【By Observer Net, Qi Qian】

Mexico has repeatedly stated that it will "never take sides between China and the US," but this position may change under pressure from officials in the Trump administration.

On September 4th, Mexican President Sheinbaum said in a daily press conference that Mexico is considering imposing tariffs on countries that have not signed trade agreements with it. She explicitly said: "China is one of them."

According to information from the website of the Mexican presidential office, Sheinbaum made the above statement during a press conference when answering a journalist's question.

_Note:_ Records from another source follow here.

theorem hall_marriage:
  assumes "finite I" "\<forall>i\<in>I. finite (A i)" "\<forall>S\<subseteq>I. card S \<le> card (\<Union>(A ` S))"
  shows "\<exists>f. inj_on f I \<and> (\<forall>i\<in>I. f i \<in> A i)"
  using assms
proof (induction "card I" arbitrary: I A rule: less_induct)
  case less
  note fin = less.prems(1,2) and hall = less.prems(3)
  consider (empty) "I = {}"
    | (tight) S where "S \<subseteq> I" "S \<noteq> {}" "S \<noteq> I" "card (\<Union>(A ` S)) = card S"
    | (no_tight) i0 where "i0 \<in> I"
        "\<nexists>S. S \<subseteq> I \<and> S \<noteq> {} \<and> S \<noteq> I \<and> card (\<Union>(A ` S)) = card S"
    by blast
  then show ?case
  proof cases
    case empty
    then show ?thesis by simp
  next
    case tight
    have "finite S" "finite (I - S)" using fin(1) tight(1) finite_subset by auto
    have "card S < card I" using fin(1) tight(1,3) by (intro psubset_card_mono) auto
    have "card (I - S) < card I" using fin(1) tight(1,2) by (intro psubset_card_mono) auto
    have "\<exists>f1. inj_on f1 S \<and> (\<forall>i\<in>S. f1 i \<in> A i)"
      using less.hyps[OF \<open>card S < card I\<close> \<open>finite S\<close>, of A] fin(2) hall tight(1) by blast
    moreover have "\<exists>f2. inj_on f2 (I - S) \<and> (\<forall>i\<in>I - S. f2 i \<in> A i - \<Union>(A ` S))"
      using less.hyps[OF \<open>card (I - S) < card I\<close> \<open>finite (I - S)\<close>, of "\<lambda>i. A i - \<Union>(A ` S)"] fin(2)
        hall_condition_Diff_tight[OF fin hall tight(1,4)] by blast
    ultimately show ?thesis by (rule sdr_extend_tight[OF tight(1)])
  next
    case no_tight
    have "card {i0} \<le> card (\<Union>(A ` {i0}))" using hall no_tight(1) by blast
    then obtain x where x: "x \<in> A i0" by fastforce
    have "card (I - {i0}) < card I" using fin(1) no_tight(1) by (rule card_Diff1_less)
    then have "\<exists>f. inj_on f (I - {i0}) \<and> (\<forall>i\<in>I - {i0}. f i \<in> A i - {x})"
      using less.hyps[of "I - {i0}" "\<lambda>i. A i - {x}"] fin
        hall_condition_remove_point[OF hall no_tight(2,1)] by blast
    then show ?thesis by (rule sdr_extend_point[where A = A, OF no_tight(1) x])
  qed
qed

definition scaled_doubly_stochastic :: "nat \<Rightarrow> real \<Rightarrow> (nat \<Rightarrow> nat \<Rightarrow> real) \<Rightarrow> bool" where
  "scaled_doubly_stochastic n c p \<longleftrightarrow>
     (\<forall>i<n. \<forall>j<n. 0 \<le> p i j) \<and> (\<forall>i<n. (\<Sum>j<n. p i j) = c) \<and> (\<forall>j<n. (\<Sum>i<n. p i j) = c)"

lemma scaled_doubly_stochastic_sum_nonneg:
  assumes "scaled_doubly_stochastic n c p" "0 < n"
  shows "0 \<le> c"
proof -
  have "0 \<le> (\<Sum>j<n. p 0 j)" using assms by (intro sum_nonneg) (auto simp: scaled_doubly_stochastic_def)
  then show ?thesis using assms by (simp add: scaled_doubly_stochastic_def)
qed

lemma scaled_doubly_stochastic_zero:
  assumes "scaled_doubly_stochastic n 0 p" "i < n" "j < n"
  shows "p i j = 0"
  using assms sum_nonneg_eq_0_iff[of "{..<n}" "p i"] by (auto simp: scaled_doubly_stochastic_def)

lemma scaled_doubly_stochastic_hall_condition:
  assumes p: "scaled_doubly_stochastic n c p" and "0 < c" and S: "S \<subseteq> {..<n}"
  shows "card S \<le> card (\<Union>i\<in>S. {j. j < n \<and> 0 < p i j})"
proof -
  define U where "U = (\<Union>i\<in>S. {j. j < n \<and> 0 < p i j})"
  have U: "U \<subseteq> {..<n}" by (auto simp: U_def)
  have nonneg: "0 \<le> p i j" if "i < n" "j < n" for i j
    using p that by (simp add: scaled_doubly_stochastic_def)
  have "c * card S = (\<Sum>i\<in>S. \<Sum>j<n. p i j)"
    using p S by (auto simp: scaled_doubly_stochastic_def subset_iff)
  also have "\<dots> = (\<Sum>i\<in>S. \<Sum>j\<in>U. p i j)"
  proof (rule sum.cong[OF refl])
    fix i assume "i \<in> S"
    then have "\<forall>j\<in>{..<n} - U. p i j = 0" using S nonneg by (force simp: U_def)
    then show "(\<Sum>j<n. p i j) = (\<Sum>j\<in>U. p i j)" using U by (intro sum.mono_neutral_right) auto
  qed
  also have "\<dots> = (\<Sum>j\<in>U. \<Sum>i\<in>S. p i j)" by (rule sum.swap)
  also have "\<dots> \<le> (\<Sum>j\<in>U. \<Sum>i<n. p i j)"
    using S U nonneg by (intro sum_mono sum_mono2) auto
  also have "\<dots> = c * card U"
    using p U by (auto simp: scaled_doubly_stochastic_def subset_iff)
  finally show ?thesis using \<open>0 < c\<close> by (simp add: U_def)
qed

lemma scaled_doubly_stochastic_positive_diagonal:
  assumes p: "scaled_doubly_stochastic n c p" and "0 < c"
  obtains \<sigma> where "\<sigma> permutes {..<n}" "\<forall>i<n. 0 < p i (\<sigma> i)"
proof -
  obtain f where f: "inj_on f {..<n}" "\<forall>i<n. f i < n \<and> 0 < p i (f i)"
    using hall_marriage[of "{..<n}" "\<lambda>i. {j. j < n \<and> 0 < p i j}"]
      scaled_doubly_stochastic_hall_condition[OF assms] by auto
  define \<sigma> where "\<sigma> i = (if i < n then f i else i)" for i
  have "inj_on \<sigma> {..<n}" using f(1) by (auto simp: inj_on_def \<sigma>_def)
  moreover have "\<sigma> ` {..<n} \<subseteq> {..<n}" using f(2) by (auto simp: \<sigma>_def)
  ultimately have "bij_betw \<sigma> {..<n} {..<n}" by (simp add: bij_betw_def endo_inj_surj)
  then have "\<sigma> permutes {..<n}" by (rule bij_imp_permutes) (simp add: \<sigma>_def)
  moreover have "\<forall>i<n. 0 < p i (\<sigma> i)" using f(2) by (simp add: \<sigma>_def)
  ultimately show thesis by (rule that)
qed

lemma scaled_doubly_stochastic_peel:
  assumes p: "scaled_doubly_stochastic n c p" and "0 < n" "0 < c"
  obtains \<sigma> \<theta> where "\<sigma> permutes {..<n}" "0 < \<theta>"
    "scaled_doubly_stochastic n (c - \<theta>) (\<lambda>i j. p i j - (if j = \<sigma> i then \<theta> else 0))"
    "card {(i, j). i < n \<and> j < n \<and> p i j - (if j = \<sigma> i then \<theta> else 0) \<noteq> 0}
       < card {(i, j). i < n \<and> j < n \<and> p i j \<noteq> 0}"
proof -
  obtain \<sigma> where \<sigma>: "\<sigma> permutes {..<n}" "\<forall>i<n. 0 < p i (\<sigma> i)"
    using scaled_doubly_stochastic_positive_diagonal[OF p \<open>0 < c\<close>] by blast
  have \<sigma>_less: "\<sigma> i < n" if "i < n" for i using permutes_in_image[OF \<sigma>(1)] that by simp
  define \<theta> where "\<theta> = Min ((\<lambda>i. p i (\<sigma> i)) ` {..<n})"
  have "\<theta> \<in> (\<lambda>i. p i (\<sigma> i)) ` {..<n}" unfolding \<theta>_def using \<open>0 < n\<close> by (intro Min_in) auto
  then obtain i0 where i0: "i0 < n" "\<theta> = p i0 (\<sigma> i0)" by auto
  have \<theta>_le: "\<theta> \<le> p i (\<sigma> i)" if "i < n" for i unfolding \<theta>_def using that by (intro Min_le) auto
  define q where "q i j = p i j - (if j = \<sigma> i then \<theta> else 0)" for i j
  have row_delta: "(\<Sum>j<n. if j = \<sigma> i then \<theta> else 0) = \<theta>" if "i < n" for i
    using \<sigma>_less[OF that] by simp
  have col_delta: "(\<Sum>i<n. if j = \<sigma> i then \<theta> else 0) = \<theta>" if "j < n" for j
    using sum.permute[OF \<sigma>(1), of "\<lambda>k. if j = k then \<theta> else 0"] that by simp
  have "scaled_doubly_stochastic n (c - \<theta>) q"
    using p \<theta>_le row_delta col_delta
    by (auto simp: scaled_doubly_stochastic_def q_def sum_subtractf)
  moreover have "card {(i, j). i < n \<and> j < n \<and> q i j \<noteq> 0} < card {(i, j). i < n \<and> j < n \<and> p i j \<noteq> 0}"
  proof (rule psubset_card_mono)
    show "finite {(i, j). i < n \<and> j < n \<and> p i j \<noteq> 0}"
      by (rule finite_subset[of _ "{..<n} \<times> {..<n}"]) auto
    have "(i0, \<sigma> i0) \<in> {(i, j). i < n \<and> j < n \<and> p i j \<noteq> 0} - {(i, j). i < n \<and> j < n \<and> q i j \<noteq> 0}"
      using i0 \<sigma> \<sigma>_less by (auto simp: q_def)
    moreover have "{(i, j). i < n \<and> j < n \<and> q i j \<noteq> 0} \<subseteq> {(i, j). i < n \<and> j < n \<and> p i j \<noteq> 0}"
      using \<sigma>(2) by (auto simp: q_def)
    ultimately show "{(i, j). i < n \<and> j < n \<and> q i j \<noteq> 0} \<subset> {(i, j). i < n \<and> j < n \<and> p i j \<noteq> 0}"
      by blast
  qed
  moreover have "0 < \<theta>" using i0 \<sigma>(2) by simp
  ultimately show thesis using that \<sigma>(1) unfolding q_def by blast
qed

lemma weighted_sum_split_permutation:
  fixes W p :: "nat \<Rightarrow> nat \<Rightarrow> real"
  assumes "\<sigma> permutes {..<n}"
  shows "(\<Sum>i<n. \<Sum>j<n. W i j * p i j)
    = (\<Sum>i<n. \<Sum>j<n. W i j * (p i j - (if j = \<sigma> i then \<theta> else 0))) + \<theta> * (\<Sum>i<n. W i (\<sigma> i))"
proof -
  have "(\<Sum>j<n. W i j * p i j)
      = (\<Sum>j<n. W i j * (p i j - (if j = \<sigma> i then \<theta> else 0))) + \<theta> * W i (\<sigma> i)" if "i < n" for i
  proof -
    have "(\<Sum>j<n. W i j * p i j)
        = (\<Sum>j<n. W i j * (p i j - (if j = \<sigma> i then \<theta> else 0)) + (if j = \<sigma> i then \<theta> * W i j else 0))"
      by (intro sum.cong) (auto simp: algebra_simps)
    then show ?thesis using permutes_in_image[OF assms, of i] that by (simp add: sum.distrib)
  qed
  then show ?thesis by (simp add: sum.distrib sum_distrib_left)
qed

lemma add_mult_le_mult_max:
  fixes s t a b :: real
  assumes "0 \<le> s" "0 \<le> t"
  shows "s * a + t * b \<le> (s + t) * max a b"
proof -
  have "s * a \<le> s * max a b" "t * b \<le> t * max a b"
    using assms by (simp_all add: mult_left_mono)
  then show ?thesis by (simp add: distrib_right)
qed

theorem scaled_doubly_stochastic_weighted_sum_le:
  assumes "scaled_doubly_stochastic n c p"
  shows "\<exists>\<sigma>. \<sigma> permutes {..<n} \<and> (\<Sum>i<n. \<Sum>j<n. W i j * p i j) \<le> c * (\<Sum>i<n. W i (\<sigma> i))"
  using assms
proof (induction "card {(i, j). i < n \<and> j < n \<and> p i j \<noteq> 0}" arbitrary: p c rule: less_induct)
  case less
  define S where "S \<pi> = (\<Sum>i<n. W i (\<pi> i))" for \<pi> :: "nat \<Rightarrow> nat"
  consider "n = 0" | "0 < n" "c = 0" | "0 < n" "0 < c"
    using scaled_doubly_stochastic_sum_nonneg[OF less.prems] by linarith
  then show ?case
  proof cases
    case 1
    then show ?thesis using permutes_id by fastforce
  next
    case 2
    then have "(\<Sum>i<n. \<Sum>j<n. W i j * p i j) = 0"
      using less.prems by (auto intro!: sum.neutral simp: scaled_doubly_stochastic_zero)
    then show ?thesis using 2 permutes_id by fastforce
  next
    case 3
    obtain \<sigma> \<theta> where \<sigma>: "\<sigma> permutes {..<n}" and "0 < \<theta>"
      and q: "scaled_doubly_stochastic n (c - \<theta>) (\<lambda>i j. p i j - (if j = \<sigma> i then \<theta> else 0))"
      and smaller: "card {(i, j). i < n \<and> j < n \<and> p i j - (if j = \<sigma> i then \<theta> else 0) \<noteq> 0}
        < card {(i, j). i < n \<and> j < n \<and> p i j \<noteq> 0}"
      using scaled_doubly_stochastic_peel[OF less.prems 3] by blast
    obtain \<tau> where \<tau>: "\<tau> permutes {..<n}"
      "(\<Sum>i<n. \<Sum>j<n. W i j * (p i j - (if j = \<sigma> i then \<theta> else 0))) \<le> (c - \<theta>) * S \<tau>"
      using less.hyps[OF smaller q] unfolding S_def by blast
    have "(\<Sum>i<n. \<Sum>j<n. W i j * p i j) \<le> (c - \<theta>) * S \<tau> + \<theta> * S \<sigma>"
      using weighted_sum_split_permutation[OF \<sigma>, of W p \<theta>] \<tau>(2) by (simp add: S_def)
    also have "\<dots> \<le> c * max (S \<tau>) (S \<sigma>)"
      using add_mult_le_mult_max[of "c - \<theta>" \<theta>] scaled_doubly_stochastic_sum_nonneg[OF q 3(1)] \<open>0 < \<theta>\<close>
      by simp
    finally have bound: "(\<Sum>i<n. \<Sum>j<n. W i j * p i j) \<le> c * max (S \<tau>) (S \<sigma>)" .
    show ?thesis
    proof (cases "S \<sigma> \<le> S \<tau>")
      case True
      then show ?thesis using bound \<tau>(1) by (intro exI[of _ \<tau>]) (simp add: max_absorb1 S_def)
    next
      case False
      then show ?thesis using bound \<sigma> by (intro exI[of _ \<sigma>]) (simp add: max_absorb2 S_def)
    qed
  qed
qed

locale tracial_star_algebra =
  fixes A :: "'a salg" and tau :: "'a \<Rightarrow> complex"
  assumes star_algebra: "star_algebra A"
    and tau_linear: "bdd_lin_functional A tau"
    and tau_commute: "x \<in> acar A \<Longrightarrow> y \<in> acar A \<Longrightarrow> tau (amul A x y) = tau (amul A y x)"
    and tau_positive: "x \<in> acar A \<Longrightarrow>
      Im (tau (amul A (astar A x) x)) = 0 \<and> 0 \<le> Re (tau (amul A (astar A x) x))"
    and tau_aone: "tau (aone A) = 1"

lemma finite_factor_with_trace_tracial_star_algebra:
  assumes "finite_factor_with_trace N tau"
  shows "tracial_star_algebra N tau"
proof -
  have "star_algebra N" "faithful_normal_tracial_state N tau"
    using assms unfolding finite_factor_with_trace_def factor_def wstar_algebra_def cstar_algebra_def
    by blast+
  then show ?thesis by unfold_locales (auto simp: faithful_normal_tracial_state_def)
qed

context tracial_star_algebra
begin

lemma azero_closed [simp]: "azero A \<in> acar A"
  and aone_closed [simp]: "aone A \<in> acar A"
  and aadd_closed [simp]: "x \<in> acar A \<Longrightarrow> y \<in> acar A \<Longrightarrow> aadd A x y \<in> acar A"
  and amul_closed [simp]: "x \<in> acar A \<Longrightarrow> y \<in> acar A \<Longrightarrow> amul A x y \<in> acar A"
  and asc_closed [simp]: "x \<in> acar A \<Longrightarrow> asc A c x \<in> acar A"
  and astar_closed [simp]: "x \<in> acar A \<Longrightarrow> astar A x \<in> acar A"
  using star_algebra unfolding star_algebra_def by auto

When asked whether Mexico was considering imposing tariffs on Chinese products, Sheinbaum replied: "Yes, we are considering imposing tariffs on some countries that do not have trade agreements with us. This will be part of the 'Mexico Plan.'"

According to Reuters, the "Mexico Plan" is a plan proposed by Sheinbaum's government after taking office, aimed at resisting the impact of tariff threats from the Trump administration in the United States and promoting the development of Mexico's domestic industry.

Sheinbaum said: "China is one of them, but not the only one."

On the 4th, Sheinbaum answered journalists' questions, Mexican Presidential Office website

Regarding the question of which specific industries in China would face tariffs, Sheinbaum only said: "We will announce this information at an appropriate time."

She further explained: "But this is part of what we have been doing all along, and it's not anything new... Who will face tariffs? All countries that do not have a trade agreement with us."

At the press conference on the 4th, Sheinbaum did not specify the tax rates being considered, nor did she reveal more details about the specific timing.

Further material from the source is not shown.